As the execution began and the chamber was filling with gas, the telephone rang. The caller was a judge's secretary informing the warden of a new stay of execution. The warden responded, "It's too late; the execution has begun," meaning there was no way to open the door and remove Chessman without the fumes killing others.[4] The secretary had initially misdialed the telephone number and this may have made the difference between there being time to stop the execution and not. The alleged new evidence, which prompted the stay attempt, appears in very few accounts.

The celebrated author Dominique Lapierre visited Chessman several times during his incarceration. Lapierre was then a young reporter working for a French newspaper. His account of Chessman appears in the book A Thousand Suns.

Author

While on death row, Chessman wrote four books: Cell 2455, Death Row' (1954), Trial by Ordeal (1955), The Face of Justice (1957) and The Kid Was A Killer (1960). He sold the rights to his autobiography, Cell 2455, Death Row to Columbia Pictures, which was made into a film of the same name, directed by Fred F. Sears in 1955, with William Campbell as Chessman. Chessman's middle name, Whittier, was used as the surname of his alter ego protagonist in the film.

The manuscript of Chessman's novel The Kid Was a Killer was seized by San Quentin warden Harley O. Teets in 1954 on the grounds that it was “prison labor”. It was eventually returned to Chessman in late 1957 and published in 1960.[5]

In popular culture

In 1977, Alan Alda starred in a CBS television movie about Chessman's life, Kill Me If You Can (sometimes shown subsequently as The Caryl Chessman Story).

The song, "The Ballad of Caryl Chessman", which includes the chorus "let him live, let him live, let him live", was a minor hit single for Ronnie Hawkins two months before Chessman's execution.[6]

Mexican professional wrestler Kevin Zamora uses the identity of "Chessman" after Caryl Chessman, wearing red facepaint that he claims represents the blood of Chessman's victims. One of his nicknames in the wrestling world is "El Asesino de la Luz Roja", Spanish for "The Red Light Killer".

In Brazil, Chessman inspired João Acácio Pereira da Costa, who became known as "O Bandido da Luz Vermelha" (Portuguese for "The Red Light Bandit"), due to the fact he used a flashlight with a red lens cover to commit his crimes, similarly to Chessman.

He is referenced in the Genesis song "Broadway Melody of 1974" from their 1974 album The Lamb Lies Down on Broadway. The line goes "Caryl Chessman sniffs the air and leads the parade. He knows in a scent you can bottle all you made."

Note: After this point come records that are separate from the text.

lemma pcong_qmul: "pcong N (qminpoly D) (qelem_poly (qmul N D x y)) (qelem_poly x * qelem_poly y)"
proof -
  obtain a b c d where xy: "x = (a, b)" "y = (c, d)" by force
  let ?r = "[:a * c + qconst D * b * d, a * d + b * c + qtrace D * b * d:]"
  have "qmul N D x y = qred N (a * c + qconst D * b * d, a * d + b * c + qtrace D * b * d)"
    unfolding xy by (simp add: qmul_def qconst_def qtrace_def algebra_simps)
  then have "pcong N (qminpoly D) (qelem_poly (qmul N D x y)) ?r" by (simp add: pcong_qred)
  also have "?r = qelem_poly x * qelem_poly y + qminpoly D * [:-(b * d):]"
    unfolding xy qelem_poly_def by (simp add: algebra_simps)
  also have "pcong N (qminpoly D) \<dots> (qelem_poly x * qelem_poly y)"
    by (rule pcong_add_mult_modulus)
  finally show ?thesis .
qed

lemma qone_eq: "1 < N \<Longrightarrow> qone N = (1, 0)"
  by (simp add: qone_def qred_def)

lemma qneg_one_eq: "1 < N \<Longrightarrow> qneg_one N = (N - 1, 0)"
  by (simp add: qneg_one_def qred_def zmod_minus1)

lemma pcong_qpow:
  assumes "1 < N"
  shows "pcong N (qminpoly D) (qelem_poly (qpow N D w n)) (qelem_poly w ^ n)"
proof (induction n)
  case 0
  then show ?case using assms by (simp add: qone_eq qelem_poly_def one_pCons)
next
  case (Suc n)
  have "pcong N (qminpoly D) (qelem_poly (qpow N D w (Suc n))) (qelem_poly w * qelem_poly (qpow N D w n))"
    by (simp add: pcong_qmul)
  also have "pcong N (qminpoly D) \<dots> (qelem_poly w * qelem_poly w ^ n)"
    by (rule pcong_mult[OF pcong_refl Suc.IH])
  finally show ?case by simp
qed

lemma qred_in_qI: "0 < N \<Longrightarrow> qred N x \<in> qI N"
  by (simp add: qred_def qI_def)

lemma qmul_in_qI: "0 < N \<Longrightarrow> qmul N D x y \<in> qI N"
  by (simp add: qmul_def qred_in_qI split: prod.splits)

lemma qpow_in_qI: "0 < N \<Longrightarrow> qpow N D w n \<in> qI N"
  by (cases n) (simp_all add: qone_def qred_in_qI qmul_in_qI)

lemma qelem_eqI:
  assumes "x \<in> qI N" and "y \<in> qI N" and "pcong N f (qelem_poly x) (qelem_poly y)"
    and "lead_coeff f = 1" and "1 < degree f"
  shows "x = y"
proof -
  have "degree (qelem_poly z) < degree f" for z
    using assms(5) by (simp add: qelem_poly_def)
  then have "[coeff (qelem_poly x) i = coeff (qelem_poly y) i] (mod N)" for i
    using pcong_coeff[OF assms(3,4)] by blast
  from this[of 0] this[of 1] show ?thesis
    using assms(1,2) by (auto simp: qelem_poly_def qI_def prod_eq_iff intro: cong_less_imp_eq_int)
qed
(* Let $M,N\ge1$ be integers and let $\sigma$ be a nonempty set of (distinct) functions $\mathbb{Z}_M\to\mathbb{Z}_N$ that is totally indistinguishable. Then $\sigma$ has cardinality at least $4$.
   Context: A set $\sigma$ of functions $\mathbb{Z}_M\to\mathbb{Z}_N$ is totally indistinguishable if for every $x\in\mathbb{Z}_M$ and every $f\in\sigma$ there exists $f'\in\sigma$ with $f'\neq f$ and $f'(x)=f(x)$. *)

theory Defs
  imports Main "HOL-Library.FuncSet"
begin

text \<open>Z_M is modelled as the carrier {0..<M} of natural numbers; a function Z_M to Z_N
  is an extensional function in PiE {0..<M} (%_. {0..<N}).\<close>

definition totally_indistinguishable :: "nat \<Rightarrow> (nat \<Rightarrow> nat) set \<Rightarrow> bool" where
  "totally_indistinguishable M \<sigma> \<longleftrightarrow>
     (\<forall>x\<in>{0..<M}. \<forall>f\<in>\<sigma>. \<exists>f'\<in>\<sigma>. f' \<noteq> f \<and> f' x = f x)"

end

theory Submission
  imports Defs
begin

text \<open>Two members of \<sigma> are distinct, so they differ at some point x. Each of the two
  different values at x is taken by a second member of \<sigma>, which gives four distinct members.\<close>

lemma card_ge_4_if_values_shared_at:
  assumes "finite \<sigma>" "f \<in> \<sigma>" "g \<in> \<sigma>" "f x \<noteq> g x"
    and shared: "\<And>\<phi>. \<phi> \<in> \<sigma> \<Longrightarrow> \<exists>\<phi>'\<in>\<sigma>. \<phi>' \<noteq> \<phi> \<and> \<phi>' x = \<phi> x"
  shows "4 \<le> card \<sigma>"
proof -
  obtain h where h: "h \<in> \<sigma>" "h \<noteq> f" "h x = f x" using shared \<open>f \<in> \<sigma>\<close> by blast
  obtain k where k: "k \<in> \<sigma>" "k \<noteq> g" "k x = g x" using shared \<open>g \<in> \<sigma>\<close> by blast
  have "f \<noteq> g" "f \<noteq> k" "h \<noteq> g" "h \<noteq> k"
    using h(3) k(3) \<open>f x \<noteq> g x\<close> by auto
  then have "card {f, g, h, k} = 4"
    using h(2) k(2) by auto
  moreover have "{f, g, h, k} \<subseteq> \<sigma>"
    using h k assms(2,3) by auto
  ultimately show ?thesis
    using card_mono[OF \<open>finite \<sigma>\<close>] by metis
qed

theorem lemma2:
  fixes M N :: nat and \<sigma> :: "(nat \<Rightarrow> nat) set"
  assumes "M \<ge> 1" and "N \<ge> 1"
    and "\<sigma> \<subseteq> {0..<M} \<rightarrow>\<^sub>E {0..<N}"
    and "\<sigma> \<noteq> {}"
    and "totally_indistinguishable M \<sigma>"
  shows "card \<sigma> \<ge> 4"
proof -
  have shared: "\<exists>\<phi>'\<in>\<sigma>. \<phi>' \<noteq> \<phi> \<and> \<phi>' x = \<phi> x" if "x \<in> {0..<M}" "\<phi> \<in> \<sigma>" for x \<phi>
    using assms(5) that unfolding totally_indistinguishable_def by blast
  obtain f where f: "f \<in> \<sigma>" using assms(4) by blast
  then obtain g where g: "g \<in> \<sigma>" "g \<noteq> f"
    using shared[of 0] \<open>M \<ge> 1\<close> by auto
  have "f \<in> extensional {0..<M}" "g \<in> extensional {0..<M}"
    using f g assms(3) by (auto simp: PiE_def)
  then obtain x where x: "x \<in> {0..<M}" "f x \<noteq> g x"
    using extensionalityI g(2) by metis
  have "finite \<sigma>"
    using assms(3) by (rule finite_subset) (simp add: finite_PiE)
  then show ?thesis
    using card_ge_4_if_values_shared_at[OF _ f g(1) x(2)] shared[OF x(1)] by blast
qed

end
lemma successively_mono_adjacent:
  assumes "successively P xs" "\<And>ys a b zs. xs = ys @ a # b # zs \<Longrightarrow> P a b \<Longrightarrow> Q a b"
  shows "successively Q xs"
  using assms
proof (induction xs)
  case (Cons a xs)
  show ?case
  proof (cases xs)
    case (Cons b zs)
    have "Q a b" using Cons.prems(2)[of "[]"] Cons.prems(1) \<open>xs = b # zs\<close> by simp
    moreover have "successively Q xs"
    proof (rule Cons.IH)
      show "successively P xs" using Cons.prems(1) \<open>xs = b # zs\<close> by simp
      fix ys c d zs' assume "xs = ys @ c # d # zs'" "P c d"
      then show "Q c d" using Cons.prems(2)[of "a # ys"] by simp
    qed
    ultimately show ?thesis using \<open>xs = b # zs\<close> by simp
  qed simp
qed simp

lemma set_eq_insert_last_butlast: "xs \<noteq> [] \<Longrightarrow> set xs = insert (last xs) (set (butlast xs))"
  by (cases xs rule: rev_cases) auto

lemma successively_predecessor: "successively R xs \<Longrightarrow> z \<in> set (tl xs) \<Longrightarrow> \<exists>a. R a z"
proof (induction xs)
  case (Cons x xs)
  then show ?case by (cases xs) (auto simp: successively_Cons)
qed simp

lemma successively_successor: "successively R xs \<Longrightarrow> z \<in> set (butlast xs) \<Longrightarrow> \<exists>b. R z b"
proof (induction xs)
  case (Cons x xs)
  then show ?case by (cases xs) (auto simp: successively_Cons)
qed simp
lemma net_approximable_cmult:
  assumes "net_approximable \<sigma> S f"
  shows "net_approximable \<sigma> S (\<lambda>x. k * f x)"
  unfolding net_approximable_def
proof (intro allI impI)
  fix \<delta> :: real assume "\<delta> > 0"
  then obtain T a b c where net: "\<forall>x\<in>S. \<bar>f x - ridge_net \<sigma> T a b c x\<bar> < \<delta> / (\<bar>k\<bar> + 1)"
    using assms unfolding net_approximable_def
    by (meson divide_pos_pos abs_ge_zero add_nonneg_pos zero_less_one)
  have "\<bar>k * f x - ridge_net \<sigma> T (\<lambda>s. k * a s) b c x\<bar> < \<delta>" if "x \<in> S" for x
  proof -
    have "\<bar>k * f x - ridge_net \<sigma> T (\<lambda>s. k * a s) b c x\<bar> = \<bar>k\<bar> * \<bar>f x - ridge_net \<sigma> T a b c x\<bar>"
      by (simp add: ridge_net_def sum_distrib_left mult.assoc abs_mult[symmetric]
          right_diff_distrib)
    also have "\<dots> \<le> \<bar>k\<bar> * (\<delta> / (\<bar>k\<bar> + 1))"
      using net that by (intro mult_left_mono) auto
    also have "\<dots> < \<delta>"
      using \<open>\<delta> > 0\<close> by (simp add: field_simps)
    finally show ?thesis .
  qed
  then show "\<exists>T a b c. \<forall>x\<in>S. \<bar>k * f x - ridge_net \<sigma> T a b c x\<bar> < \<delta>"
    by blast
qed

lemma net_approximable_diff:
  assumes "net_approximable \<sigma> S f" "net_approximable \<sigma> S g"
  shows "net_approximable \<sigma> S (\<lambda>x. f x - g x)"
  using net_approximable_add[OF assms(1) net_approximable_cmult[OF assms(2), of "-1"]] by simp

lemma net_approximable_sum:
  fixes n :: nat
  assumes "\<And>i. i < n \<Longrightarrow> net_approximable \<sigma> S (f i)"
  shows "net_approximable \<sigma> S (\<lambda>x. \<Sum>i<n. f i x)"
  using assms by (induction n) (simp_all add: net_approximable_zero net_approximable_add)

lemma net_approximable_bounded:
  assumes "compact S" "continuous_on UNIV \<sigma>" "net_approximable \<sigma> S f"
  shows "\<exists>B. \<forall>x\<in>S. \<bar>f x\<bar> \<le> B"
proof -
  obtain T a b c where net: "\<forall>x\<in>S. \<bar>f x - ridge_net \<sigma> T a b c x\<bar> < 1"
    using assms(3) unfolding net_approximable_def by (meson zero_less_one)
  have "continuous_on S (ridge_net \<sigma> T a b c)"
    unfolding ridge_net_def[abs_def]
    by (intro continuous_intros continuous_on_compose2[OF assms(2)]) auto
  then have "bounded (ridge_net \<sigma> T a b c ` S)"
    using assms(1) by (intro compact_imp_bounded compact_continuous_image)
  then obtain B where "\<forall>x\<in>S. \<bar>ridge_net \<sigma> T a b c x\<bar> \<le> B"
    unfolding bounded_real by blast
  with net have "\<forall>x\<in>S. \<bar>f x\<bar> \<le> B + 1"
    by (smt (verit, best))
  then show ?thesis ..
qed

He is also referenced in the Patricio Rey y sus Redonditos de Ricota unedited song "Un tal Bridgitte Barlot". He is mentioned in several lines of the song.

Chessman is named in Neil Diamond's 1970 song "Done Too Soon" from the album Tap Root Manuscript. Although not everyone mentioned in the song died early in their life, several did, and the song is known for its message on mortality.